What the task requires: Identify each line in the records below that contains the word "nonnegative", and copy it.
┌────────
(* Let $n \ge 1$, $p\in[0,1]$, $t \ge 0$, and $\gamma:\mathbb{N}^*\to[0,1]$ non-increasing. Let $p_i := \gamma(i)p$ for $i\ge1$ and $q_n := \prod_{i=1}^n (1-p_i)$. Then \[ \text{(a)}\quad q_n e^{t p_n (1-q_n)} + (1-q_n)e^{-t p_n q_n} \le \exp\left(\frac{p_n t^2}{4n}\right), \] \[ \text{(b)}\quad q_n e^{t p_n (q_n-1)} + (1-q_n)e^{t p_n q_n} \le \exp\left(\frac{p_n t^2}{4n}\right). \] *)

theory Defs
  imports Complex_Main
begin

end

theory Submission
  imports Defs "HOL-Analysis.Harmonic_Numbers"
begin

text \<open>
  Write \<open>q\<close> for the product and \<open>a = p\<^sub>n\<close>. Since \<open>p\<^sub>i \<ge> a\<close> for \<open>i \<le> n\<close>, we have
  \<open>q \<le> (1 - a)\<^sup>n \<le> exp (- n a)\<close>, so both claims follow from bounds on the centred
  Bernoulli(\<open>q\<close>) moment generating function at \<open>x = t a\<close> in terms of \<open>c = n a \<le> ln (1/q)\<close>.
  The lower tail (b) only needs \<open>exp (- s) \<le> 1 - s + s\<^sup>2/2\<close> and \<open>q \<le> exp (- c) \<le> 1/(2c)\<close>.
  The upper tail (a) is the bound \<open>ln (1 - q + q e\<^sup>x) \<le> q x + x\<^sup>2/(4L)\<close> with \<open>L = ln (1/q)\<close>
  (Berend and Kontorovich). The difference of the two sides is nonnegative for \<open>x \<ge> 4L\<close>, so
  it suffices to check it at stationary points \<open>z\<close>. There \<open>z = 2L(w - q)\<close> for the tilted
  probability \<open>w = q e\<^sup>z / (1 - q + q e\<^sup>z)\<close>, and the difference can be written as a function of
  \<open>w\<close> alone in two ways. Their derivatives in \<open>w\<close> have opposite signs, that of
  \<open>\<plusminus>(2Lw(1 - w) - 1)\<close>, so following the monotone pieces from the points \<open>q\<close>, \<open>1/2\<close>
  and \<open>1 - Lq\<close>, where they are nonnegative, one of them is nonnegative at every \<open>w\<close>.
\<close>

section \<open>Numerical facts about the exponential\<close>

lemma exp_one_ge: "2718/1000 \<le> exp (1::real)"
  using e_approx_32 by (simp add: abs_if split: if_split_asm)

lemma exp_three_bounds: "18 \<le> exp (3::real)" "exp (3::real) \<le> 21"
proof -
  have e3: "exp (3::real) = exp 1 ^ 3"
    using exp_of_nat_mult[of 3 "1::real"] by simp
  have "(2718/1000::real)^3 \<le> exp 1 ^ 3"
    using exp_one_ge by (intro power_mono) auto
  moreover have "exp 1 ^ 3 \<le> (272/100::real)^3"
    using e_less_272 by (intro power_mono) auto
  ultimately show "18 \<le> exp (3::real)" "exp (3::real) \<le> 21"
    unfolding e3 by (auto simp: power3_eq_cube)
qed

lemma exp_five_halves_le: "exp (5/2::real) \<le> 25/2"
proof -
  have "exp (5/2::real)^2 = exp 1 ^ 5"
    using exp_of_nat_mult[of 5 "1::real"] by (simp flip: exp_of_nat2_mult)
  also have "\<dots> \<le> (272/100)^5"
    using e_less_272 by (auto intro!: power_mono)
  also have "\<dots> \<le> (25/2)^2" by (simp add: power_divide)
  finally show ?thesis by (rule power2_le_imp_le) simp
qed

lemma two_mult_le_exp: "2 * c \<le> exp (c::real)"
proof (cases "c \<le> 0")
  case False
  have "2 * c \<le> 1 + c + c^2/2"
    using sum_power2_ge_zero[of "c - 1" 1] by (simp add: power2_eq_square field_simps)
  also have "\<dots> \<le> exp c"
    using False by (intro exp_lower_Taylor_quadratic) simp
  finally show ?thesis .
qed (simp add: order_trans[OF _ less_imp_le[OF exp_gt_zero]])

lemma two_mult_sq_le_exp:
  fixes L :: real assumes "3 \<le> L" shows "2 * L^2 \<le> exp L"
proof -
  define y where "y = L - 3"
  have y: "0 \<le> y" using assms y_def by simp
  have "18 * (1 + y + y^2/2) - 2 * L^2 = 6 * y + 7 * y^2"
    unfolding y_def by (simp add: power2_eq_square field_simps)
  then have "2 * L^2 \<le> 18 * (1 + y + y^2/2)"
    using y by (smt (verit) zero_le_power2)
  also have "\<dots> \<le> exp 3 * exp y"
    using exp_three_bounds(1) exp_lower_Taylor_quadratic[OF y] y by (intro mult_mono) auto
  also have "\<dots> = exp L" by (simp add: y_def flip: exp_add)
  finally show ?thesis .
qed

lemma exp_le_seven_mult:
  fixes L :: real assumes "2 \<le> L" "L \<le> 3" shows "exp L \<le> 7 * (L - 1) * L"
proof (cases "L \<le> 5/2")
  case True
  have "exp L \<le> exp (5/2)" using True by simp
  also have "\<dots> \<le> 7 * (2 - 1) * 2" using exp_five_halves_le by simp
  also have "\<dots> \<le> 7 * (L - 1) * L" using assms by (intro mult_mono) auto
  finally show ?thesis .
next
  case False
  have "exp L \<le> exp 3" using assms by simp
  also have "\<dots> \<le> 7 * (5/2 - 1) * (5/2)" using exp_three_bounds(2) by simp
  also have "\<dots> \<le> 7 * (L - 1) * L" using False by (intro mult_mono) auto
  finally show ?thesis .
qed

lemma exp_minus_le_quarter:
  fixes L :: real assumes "2 \<le> L" shows "exp (- L) \<le> 1/4"
proof -
  have "4 \<le> 1 + 2 + 2^2/(2::real)" by simp
  also have "\<dots> \<le> exp 2" by (intro exp_lower_Taylor_quadratic) simp
  also have "\<dots> \<le> exp L" using assms by simp
  finally show ?thesis by (simp add: exp_minus field_simps)
qed

lemma ln_one_minus_ge:
  fixes d :: real assumes "0 \<le> d" "d \<le> 1/2" shows "- d - d^2 \<le> ln (1 - d)"
proof -
  let ?h = "\<lambda>x::real. ln (1 - x) + x + x^2"
  have "?h 0 \<le> ?h d"
  proof (rule DERIV_nonneg_imp_nondecreasing[OF assms(1)])
    fix x :: real assume x: "0 \<le> x" "x \<le> d"
    have x1: "x < 1" using x assms by simp
    have "DERIV ?h x :> x * (1 - 2*x) / (1 - x)"
      using x1 by (auto intro!: derivative_eq_intros simp: field_simps power2_eq_square)
    moreover have "0 \<le> x * (1 - 2*x) / (1 - x)"
      using x x1 assms by (intro divide_nonneg_pos mult_nonneg_nonneg) auto
    ultimately show "\<exists>y. DERIV ?h x :> y \<and> 0 \<le> y" by blast
  qed
  then show ?thesis by simp
qed

lemma exp_minus_le_quadratic:
  fixes s :: real assumes "0 \<le> s" shows "exp (- s) \<le> 1 - s + s^2/2"
proof -
  let ?h = "\<lambda>x::real. 1 - x + x^2/2 - exp (- x)"
  have "?h 0 \<le> ?h s"
  proof (rule DERIV_nonneg_imp_nondecreasing[OF assms])
    fix x :: real
    have "DERIV ?h x :> exp (- x) - (1 - x)"
      by (auto intro!: derivative_eq_intros)
    then show "\<exists>y. DERIV ?h x :> y \<and> 0 \<le> y"
      using exp_minus_ge[of x] by force
  qed
  then show ?thesis by simp
qed

section \<open>Stationary values of the Bernoulli log-MGF bound\<close>

text \<open>
  At a stationary point \<open>z\<close> of \<open>y \<mapsto> q y + y\<^sup>2/(4L) - ln (1 - q + q e\<^sup>y)\<close> the value
  equals both of the following expressions in the tilted probability \<open>w\<close>.
\<close>

definition stationary_value_1 :: "real \<Rightarrow> real \<Rightarrow> real \<Rightarrow> real" where
  "stationary_value_1 L q w = L * (w^2 - q^2) + ln (1 - w) - ln (1 - q)"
└────────
Response:
  (Berend and Kontorovich). The difference of the two sides is nonnegative for \<open>x \<ge> 4L\<close>, so
  and \<open>1 - Lq\<close>, where they are nonnegative, one of them is nonnegative at every \<open>w\<close>.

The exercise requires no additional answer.